Oh well, those are my thoughts anyway.
He can't complete a sentence that isn't well prepared for him beforehand. That sucks because conservatism needs a voice and he can't provide. His cliches and one liners are great for the opening of the war but beyond that he has failed to satisfy. Thank god he has great advisors skilled in international affairs. If you have nothing important to say get off the sight.
Silly comment.
I remember reading about this when it happened back in November. Some of my Afghan friends were pissed off about this and I couldn't come up with any good reason why the U.S. Government allowed this to happen right under the nose of our military who were there watching it happen. The only thing I could think of was that there were some connections with higher ups in the Pakistani government who were in this group and Bush used it as leverage to get the Pakistani government fully on board with the U.S. (and some sort of unknown agreement was made, perhaps a stronger than usual commitment from the Paks to work with us in an unknown way).
Ping!
Ping!
Considering there wasn't a single runway in the whole country at the time that wasn't landmined, blown apart, or otherwise totally disabled, the type of vehicle is very, very important.
My own choice has been the "flying carpet". First of all it's traditional. Secondly it can land anywhere. And third, and most important, it can operate independently, or with a pilot and 5,000 passengers.

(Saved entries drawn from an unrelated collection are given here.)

text \<open>Times after a visit of \<open>y\<close> to a stable point form a final open ray, on which \<open>y\<close> stays
  near that point; dually for an unstable point and an initial ray. On the gap between the two
  rays \<open>y\<close> stays away from all these points.\<close>

lemma orbit_splitting:
  fixes y :: "real \<Rightarrow> 'a::metric_space"
  assumes y: "continuous_on UNIV y"
    and stable: "\<And>p s t. p \<in> S1 \<Longrightarrow> dist p (y s) < \<rho> \<Longrightarrow> s \<le> t \<Longrightarrow> dist p (y t) < \<eta>"
    and unstable: "\<And>p s t. p \<in> S2 \<Longrightarrow> dist p (y s) < \<rho> \<Longrightarrow> t \<le> s \<Longrightarrow> dist p (y t) < \<eta>"
    and disjoint: "S1 \<inter> S2 = {}"
    and unique: "\<And>p q z. p \<in> S1 \<union> S2 \<Longrightarrow> q \<in> S1 \<union> S2 \<Longrightarrow> dist p z < \<eta> \<Longrightarrow> dist q z < \<eta> \<Longrightarrow> p = q"
  obtains (near) p where "p \<in> S1 \<union> S2" "\<And>t. dist p (y t) < \<eta>"
  | (split) c where "\<And>s t. s \<le> t \<Longrightarrow> c s \<le> c t \<and> c t - c s \<le> t - s"
      "\<And>s t r p. c s \<le> r \<Longrightarrow> r \<le> c t \<Longrightarrow> p \<in> S1 \<union> S2 \<Longrightarrow> \<rho> \<le> dist p (y r)"
      "\<And>t. c t < t \<Longrightarrow> \<exists>p\<in>S1 \<union> S2. \<forall>s>c t. dist p (y s) < \<eta>"
      "\<And>t. t < c t \<Longrightarrow> \<exists>p\<in>S1 \<union> S2. \<forall>s<c t. dist p (y s) < \<eta>"
proof -
  define R where "R = visited_before y S1 \<rho>"
  define L where "L = visited_after y S2 \<rho>"
  have R_near: "\<exists>p\<in>S1. \<forall>t\<in>R. dist p (y t) < \<eta>" if "R \<noteq> {}"
    unfolding R_def by (rule visited_before_near) (use stable unique that in \<open>auto simp: R_def\<close>)
  have L_near: "\<exists>q\<in>S2. \<forall>t\<in>L. dist q (y t) < \<eta>" if "L \<noteq> {}"
    unfolding L_def by (rule visited_after_near) (use unstable unique that in \<open>auto simp: L_def\<close>)
  have "L \<inter> R = {}"
  proof (rule equals0I)
    fix t assume "t \<in> L \<inter> R"
    then obtain q p where "q \<in> S2" "dist q (y t) < \<eta>" "p \<in> S1" "dist p (y t) < \<eta>"
      using L_near R_near by blast
    with disjoint unique[of p q "y t"] show False
      by blast
  qed
  show ?thesis
  proof (cases "L = UNIV \<or> R = UNIV")
    case True
    then show ?thesis
      using L_near R_near near by blast
  next
    case False
    then have "L \<noteq> UNIV" "R \<noteq> UNIV"
      by auto
    have L_down: "s \<in> L" if "t \<in> L" "s \<le> t" for s t
      using that visited_after_mono unfolding L_def by blast
    have L_open: "\<exists>t'>t. t' \<in> L" if "t \<in> L" for t
      using that visited_after_open unfolding L_def by blast
    have R_up: "s \<in> R" if "t \<in> R" "t \<le> s" for s t
      using that visited_before_mono unfolding R_def by blast
    have R_open: "\<exists>t'<t. t' \<in> R" if "t \<in> R" for t
      using that visited_before_open unfolding R_def by blast
    obtain c where c: "\<And>s t. s \<le> t \<Longrightarrow> c s \<le> c t \<and> c t - c s \<le> t - s"
        "\<And>s t r. c s \<le> r \<Longrightarrow> r \<le> c t \<Longrightarrow> r \<notin> L \<and> r \<notin> R"
        "\<And>t s. c t < t \<Longrightarrow> c t < s \<Longrightarrow> s \<in> R"
        "\<And>t s. t < c t \<Longrightarrow> s < c t \<Longrightarrow> s \<in> L"
      by (rule gap_retraction[of L R])
        (use \<open>L \<noteq> UNIV\<close> \<open>R \<noteq> UNIV\<close> \<open>L \<inter> R = {}\<close> L_down L_open R_up R_open in blast)+
    show ?thesis
    proof (rule split[of c])
      show "\<rho> \<le> dist p (y r)" if "c s \<le> r" "r \<le> c t" "p \<in> S1 \<union> S2" for s t r p
        using unvisited_far[OF y that(3)] c(2)[OF that(1,2)] unfolding L_def R_def by blast
      show "\<And>t. c t < t \<Longrightarrow> \<exists>p\<in>S1 \<union> S2. \<forall>s>c t. dist p (y s) < \<eta>"
        using R_near c(3) by blast
      show "\<And>t. t < c t \<Longrightarrow> \<exists>p\<in>S1 \<union> S2. \<forall>s<c t. dist p (y s) < \<eta>"
        using L_near c(4) by blast
    qed (fact c(1))
  qed
qed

Given a choice, I am sure the Pakistani Intelligence folks would have chosen the carpet.
There are two fundamental divisions in the Balkans that make all the difference. One is very ancient and that concerns whether the territory was in the Western Roman Empire or the Eastern Roman Empire. This is a very persistent split.
The more recent division concerns which side the populace willingly took in WWII.

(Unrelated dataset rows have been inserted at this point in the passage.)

lemma rmult_sum: "rmult a (sum f A) = (\<Sum>i\<in>A. rmult a (f i))"
  using sum_comp_morphism[of "rmult a" f A] by (simp add: rmult_add o_def)

lemma rmult_lmult: "rmult e (lmult a q) = lmult a (rmult e q)"
  by (rule poly_eqI) (simp add: mult.assoc)

lemma rmult_eq_lmult_central: "(\<forall>r. e * r = r * e) \<Longrightarrow> rmult e q = lmult e q"
  by (rule poly_eqI) simp

lemma degree_lmult_le: "degree (lmult a q) \<le> degree q"
  by (rule degree_le) (simp add: coeff_eq_0)

lemma degree_rmult_le: "degree (rmult a q) \<le> degree q"
  by (rule degree_le) (simp add: coeff_eq_0)

lemma lmult_pCons_0: "lmult a (pCons 0 q) = pCons 0 (lmult a q)"
  by (rule poly_eqI) (simp add: coeff_pCons split: nat.split)

lemma lmult_const: "lmult a [:b:] = [:a * b:]"
  by (rule poly_eqI) (simp add: coeff_pCons split: nat.split)

locale ore_extension =
  fixes \<sigma> \<delta> :: "'a::ring_1 \<Rightarrow> 'a"
  assumes endo: "ring_endo \<sigma>" and der: "sigma_derivation \<sigma> \<delta>"
begin

lemma sigma_add: "\<sigma> (a + b) = \<sigma> a + \<sigma> b"
  using endo by (simp add: ring_endo_def)

lemma sigma_mult: "\<sigma> (a * b) = \<sigma> a * \<sigma> b"
  using endo by (simp add: ring_endo_def)

lemma sigma_one [simp]: "\<sigma> 1 = 1"
  using endo by (simp add: ring_endo_def)

lemma delta_add: "\<delta> (a + b) = \<delta> a + \<delta> b"
  using der by (simp add: sigma_derivation_def)

lemma delta_mult: "\<delta> (a * b) = \<sigma> a * \<delta> b + \<delta> a * b"
  using der by (simp add: sigma_derivation_def)
(* Let $\mathcal X=\mathcal X_1\times\cdots\times\mathcal X_b$, $\mathcal X_i=\mathbb R^{m_i\times n_i}$ with trace inner product and norms $\|\cdot\|_{(i)}$ (dual $\|\cdot\|_{(i)\star}$). Let $f$ be continuously differentiable and let $\mathcal D$ be a distribution on subsets of $[b]$. Assume constants $L^0_{i,S},L^1_{i,S}\ge0$ exist such that for all $S\in\operatorname{supp}(\mathcal D)$, $i\in S$, $X\in\mathcal X$ and $\Gamma$ with $\Gamma_j=0$ for $j\notin S$: $\|\nabla_if(X+\Gamma)-\nabla_if(X)\|_{(i)\star}\le(L^0_{i,S}+L^1_{i,S}\|\nabla_if(X)\|_{(i)\star})\|\Gamma_i\|_{(i)}$. Let $S^k\in\operatorname{supp}(\mathcal D)$, $X^k,M^k\in\mathcal X$, $t_i^k>0$, and define $X^{k+1}$ by $X_i^{k+1}=\operatorname{lmo}_{\mathcal B_i(X_i^k,t_i^k)}(M_i^k)$ for $i\in S^k$ and $X_i^{k+1}=X_i^k$ for $i\notin S^k$. Then $$f(X^{k+1})\le f(X^k)+\sum_{i\in S^k}2t_i^k\|\nabla_if(X^k)-M_i^k\|_{(i)\star}-\sum_{i\in S^k}t_i^k\|\nabla_if(X^k)\|_{(i)\star}+\sum_{i\in S^k}\frac{L^0_{i,S^k}+L^1_{i,S^k}\|\nabla_if(X^k)\|_{(i)\star}}2(t_i^k)^2.$$
   Context: $\mathcal B_i(Y,t)=\{Z\in\mathcal X_i:\|Z-Y\|_{(i)}\le t\}$ and $\operatorname{lmo}_{\mathcal B}(M)\in\arg\min_{Z\in\mathcal B}\langle M,Z\rangle$. $\operatorname{supp}(\mathcal D)$ is the set of subsets of $[b]$ with positive probability. *)

theory Defs
  imports "HOL-Analysis.Analysis" "HOL-Probability.Probability_Mass_Function"
begin

text \<open>Matrices in R^{m x n} are represented as functions nat => nat => real that vanish
  outside the index range {..<m} x {..<n}.\<close>

definition Mat :: "nat \<Rightarrow> nat \<Rightarrow> (nat \<Rightarrow> nat \<Rightarrow> real) set" where
  "Mat m n = {A. \<forall>r c. (m \<le> r \<or> n \<le> c) \<longrightarrow> A r c = 0}"

definition tr_inner :: "nat \<Rightarrow> nat \<Rightarrow> (nat \<Rightarrow> nat \<Rightarrow> real) \<Rightarrow> (nat \<Rightarrow> nat \<Rightarrow> real) \<Rightarrow> real" where
  "tr_inner m n A B = (\<Sum>r<m. \<Sum>c<n. A r c * B r c)"
lemma kmap_bij: "bij kmap"
proof (rule bijI)
  show "inj kmap"
  proof (rule injI)
    fix X Y assume "kmap X = kmap Y"
    then have "kmap (X - Y) = 0" using kmap_add[of "X - Y" Y] by simp
    then have "X - Y = 0" by (rule kmap_kernel)
    then show "X = Y" by simp
  qed
  show "surj kmap"
  proof -
    have "y \<in> range kmap" for y
    proof -
      obtain k where k: "y = br v y + s k v" using eig_split by blast
      obtain p q where "br v y = s p e1 + s q e2"
        using eig_plane[OF ad_v_in_eig[of y]] by (auto simp: span2)
      then have "y = kmap (p, q, k)" using k unfolding kmap_def by simp
      then show ?thesis by blast
    qed
    then show ?thesis by blast
  qed
qed

lemma K_iso: "\<exists>\<phi>. lie_iso s br K_scale K_br \<phi> \<and> \<phi> ` span {v} = module.span K_scale {(0, 0, 1)}"
proof (intro exI conjI)
  show "lie_iso s br K_scale K_br (inv kmap)"
    using K_vector_space kmap_add kmap_scale kmap_br kmap_bij by (rule lie_iso_inv)
  have "kmap (0, 0, k) = s k v" for k unfolding kmap_def by simp
  then have line: "inv kmap (s k v) = (0, 0, k)" for k
    using inv_f_f[OF bij_is_inj[OF kmap_bij]] by metis
  moreover have "(0, 0, k) \<in> inv kmap ` range (\<lambda>k. s k v)" for k
    using line[of k] by (metis rangeI image_eqI)
  ultimately show "inv kmap ` span {v} = module.span K_scale {(0, 0, 1)}"
    unfolding K_line span_singleton by auto
qed

end

context ad_unit
begin
lemma pairing_discriminant:
  "pairing_b x1 x2 x3 x4^2 - 4*pairing_a x1 x2 x3 x4*pairing_c x1 x2 x3 x4
     = 4*(x1 - x3)*(x1 - x4)*(x2 - x3)*(x2 - x4)"
  unfolding pairing_a_def pairing_b_def pairing_c_def by algebra

lemma pairing_quadratic_root_shift:
  assumes "pairing_quadratic x1 x2 x3 x4 \<rho> = 0"
    and "x1 \<noteq> x2" "x1 \<noteq> x3" "x1 \<noteq> x4" "x2 \<noteq> x3" "x2 \<noteq> x4" "x3 \<noteq> x4"
  shows "\<rho> + x1 \<noteq> 0 \<and> \<rho> + x2 \<noteq> 0 \<and> \<rho> + x3 \<noteq> 0 \<and> \<rho> + x4 \<noteq> 0"
proof -
  have "pairing_quadratic x1 x2 x3 x4 (-x1) = (x1 - x2)*(x1 - x3)*(x1 - x4)"
    "pairing_quadratic x1 x2 x3 x4 (-x2) = (x2 - x1)*(x2 - x3)*(x2 - x4)"
    "pairing_quadratic x1 x2 x3 x4 (-x3) = -((x3 - x1)*(x3 - x2)*(x3 - x4))"
    "pairing_quadratic x1 x2 x3 x4 (-x4) = -((x4 - x1)*(x4 - x2)*(x4 - x3))"
    unfolding pairing_quadratic_def pairing_a_def pairing_b_def pairing_c_def by algebra+
  with assms show ?thesis by (auto simp: add_eq_0_iff2)
qed

lemma pairing_apolar:
  "2*pairing_a r1 r2 r3 r4*pairing_c r1 r3 r2 r4 + 2*pairing_a r1 r3 r2 r4*pairing_c r1 r2 r3 r4
     - pairing_b r1 r2 r3 r4*pairing_b r1 r3 r2 r4 = 0"
  "2*pairing_a r1 r2 r3 r4*pairing_c r1 r4 r2 r3 + 2*pairing_a r1 r4 r2 r3*pairing_c r1 r2 r3 r4
     - pairing_b r1 r2 r3 r4*pairing_b r1 r4 r2 r3 = 0"
  "2*pairing_a r1 r3 r2 r4*pairing_c r1 r4 r2 r3 + 2*pairing_a r1 r4 r2 r3*pairing_c r1 r3 r2 r4
     - pairing_b r1 r3 r2 r4*pairing_b r1 r4 r2 r3 = 0"
  unfolding pairing_a_def pairing_b_def pairing_c_def by algebra+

NATO is much more willing to aid the folks who supported and/or joined the NAZIs than it is the people who fought against the NAZIs.

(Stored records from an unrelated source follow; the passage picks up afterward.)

text \<open>The shift terms \<open>\<alpha> v v\<^sup>* + v v\<^sup>* \<alpha>\<^sup>*\<close> equal \<open>-\<gamma>\<^sup>2 v v\<^sup>*\<close> and cancel the \<open>\<gamma>\<^sup>4\<close> term.\<close>

lemma outer_product_step:
  fixes v s w :: "complex^'r^'n" and K :: "complex^'n^'n"
  assumes w: "w = s + (K + mat a) ** v"
  shows "(w + gsq a *\<^sub>R v) ** cadj (w + gsq a *\<^sub>R v)
    = w ** cadj w + gsq a *\<^sub>R (s ** cadj v + v ** cadj s)
      + gsq a *\<^sub>R (K ** (v ** cadj v) + (v ** cadj v) ** cadj K)"
proof -
  let ?g = "gsq a" and ?P = "v ** cadj v"
  have expand: "(w + ?g *\<^sub>R v) ** cadj (w + ?g *\<^sub>R v)
      = w ** cadj w + ?g *\<^sub>R (w ** cadj v + v ** cadj w) + (?g * ?g) *\<^sub>R ?P"
    by (simp add: cadj_add cadj_scaleR matrix_add_rdistrib matrix_add_ldistrib
        scalar_matrix_assoc[symmetric] matrix_scalar_ac algebra_simps)
  have cross: "w ** cadj v + v ** cadj w
      = (s ** cadj v + v ** cadj s) + (K ** ?P + ?P ** cadj K) + (mat a ** ?P + ?P ** mat (cnj a))"
    by (simp add: w cadj_add cadj_matrix_mul cadj_mat matrix_add_rdistrib matrix_add_ldistrib
        matrix_mul_assoc algebra_simps)
  show ?thesis
    unfolding expand cross mat_mult_add_mult_mat_cnj by (simp add: algebra_simps)
qed

lemma res_true_eq:
  "res_true A B al v k = adi_w B al v k ** cadj (adi_w B al v k)
     - (\<Sum>i=1..k. gsq (al i) *\<^sub>R (adi_s A B al v i ** cadj (v i) + v i ** cadj (adi_s A B al v i)))"
proof (induction k)
  case 0
  then show ?case by (simp add: res_true_def adi_ZZ_def)
next
  case (Suc k)
  let ?K = "cmat A" and ?g = "gsq (al (Suc k))" and ?v = "v (Suc k)"
  have "res_true A B al v (Suc k)
      = res_true A B al v k + ?g *\<^sub>R (?K ** (?v ** cadj ?v) + (?v ** cadj ?v) ** cadj ?K)"
    by (simp add: res_true_def adi_ZZ_def matrix_add_ldistrib matrix_add_rdistrib
        scalar_matrix_assoc[symmetric] matrix_scalar_ac algebra_simps)
  moreover have "adi_w B al v k = adi_s A B al v (Suc k) + (?K + mat (al (Suc k))) ** ?v"
    by (simp add: adi_s_def)
  then have "adi_w B al v (Suc k) ** cadj (adi_w B al v (Suc k))
      = adi_w B al v k ** cadj (adi_w B al v k)
        + ?g *\<^sub>R (adi_s A B al v (Suc k) ** cadj ?v + ?v ** cadj (adi_s A B al v (Suc k)))
        + ?g *\<^sub>R (?K ** (?v ** cadj ?v) + (?v ** cadj ?v) ** cadj ?K)"
    by (simp only: adi_w.simps outer_product_step)
  ultimately show ?case
    unfolding Suc.IH by (simp add: algebra_simps)
qed

lemma cayley_eq:
  assumes "invertible (cmat A + mat a)"
  shows "cayley A a = mat 1 + gsq a *\<^sub>R matrix_inv (cmat A + mat a)"
proof -
  have shift: "cmat A - mat (cnj a) = (cmat A + mat a) + gsq a *\<^sub>R mat 1"
    by (simp add: vec_eq_iff mat_def gsq_def) (simp add: complex_eq_iff)
  show ?thesis
    unfolding cayley_def shift matrix_add_ldistrib[of "matrix_inv (cmat A + mat a)" "cmat A + mat a"]
    by (simp add: matrix_scalar_ac matrix_inv_mul[OF assms])
qed

lemma gsq_mult_spnorm_matrix_inv_le:
  fixes A :: "real^'n^'n"
  assumes "invertible (cmat A + mat a)" and "spnorm (cayley A a) \<le> 1" and "Re a \<le> 0"
  shows "gsq a * spnorm (matrix_inv (cmat A + mat a)) \<le> 2"
proof -
  have "gsq a * spnorm (matrix_inv (cmat A + mat a)) = spnorm (cayley A a - mat 1)"
    using assms(3) by (simp add: cayley_eq[OF assms(1)] spnorm_scaleR gsq_def)
  also have "\<dots> \<le> 2"
    using spnorm_diff_le[of "cayley A a" "mat 1"] spnorm_mat_1_le[where 'n='n] assms(2) by linarith
  finally show ?thesis .
qed

lemma adi_v_eq:
  assumes "invertible (cmat A + mat (al (Suc j)))"
  shows "v (Suc j)
    = matrix_inv (cmat A + mat (al (Suc j))) ** (adi_w B al v j - adi_s A B al v (Suc j))"
  by (simp add: adi_s_def matrix_mul_assoc matrix_inv_mul[OF assms])

lemma adi_w_Suc_eq_cayley:
  assumes "invertible (cmat A + mat (al (Suc j)))"
  shows "adi_w B al v (Suc j) = cayley A (al (Suc j)) ** adi_w B al v j
    - gsq (al (Suc j)) *\<^sub>R (matrix_inv (cmat A + mat (al (Suc j))) ** adi_s A B al v (Suc j))"
  unfolding adi_w.simps adi_v_eq[where al=al and j=j and v=v and B=B, OF assms]
  by (simp add: cayley_eq[OF assms] matrix_add_rdistrib matrix_diff_ldistrib
      scalar_matrix_assoc[symmetric] algebra_simps)

lemma spnorm_adi_v_le:
  assumes "invertible (cmat A + mat (al (Suc j)))"
  shows "spnorm (v (Suc j)) \<le> spnorm (matrix_inv (cmat A + mat (al (Suc j))))
    * (spnorm (adi_w B al v j) + spnorm (adi_s A B al v (Suc j)))"
  unfolding adi_v_eq[where al=al and j=j and v=v and B=B, OF assms]
  by (rule order_trans[OF spnorm_mult_le]) (simp add: mult_left_mono spnorm_diff_le spnorm_nonneg)

definition adi_step_err ::
    "real^'n^'n \<Rightarrow> real^'r^'n \<Rightarrow> (nat \<Rightarrow> complex) \<Rightarrow> (nat \<Rightarrow> complex^'r^'n) \<Rightarrow> nat \<Rightarrow> real" where
  "adi_step_err A B al v k = 2 * gsq (al k) * spnorm (matrix_inv (cmat A + mat (al k)))
     * spnorm (adi_s A B al v k) * (spnorm (adi_w B al v (k - 1)) + spnorm (adi_s A B al v k))"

No one is really all that certain why this is the case, but it is. We should be asking if the fault is that of NATO, or an EU "personal" bias, or something in the Balkans. The Greeks started waking up to this when they saw their very own defense alliance, NATO, preparing to bomb their cultural affiliate, Serbia.
This has very little to do with religion, as conditions in Gary/Hammond/East Chicago demonstrate - there these people are considered "all same thing", and after 75+ years of settlement one gets the idea that they consider themselves pretty much the same thing as well.
Oh, yes, almost forgot another division in the Balkans. Do they raise goats or do they raise sheep? That's a big one. And under democratic conditions it's the kind of thing that can win or lose votes in the rural districts.
Now, did the Administration know about such an airlift?
The only folks in the area with enough helicopters to do the job are the Indians. Do you think maybe it's possible the Indian Army saved their friends from school in England from the US bombing?
Well, that's a clue.
The CIA has obviously not severed all their relations with their Al Qaeda assets in the Balkans, and now this is happening on Bush's watch!
Clearly Tenet isn't the only Clinton holdover.
Everyone must be liars if they agree with Debka!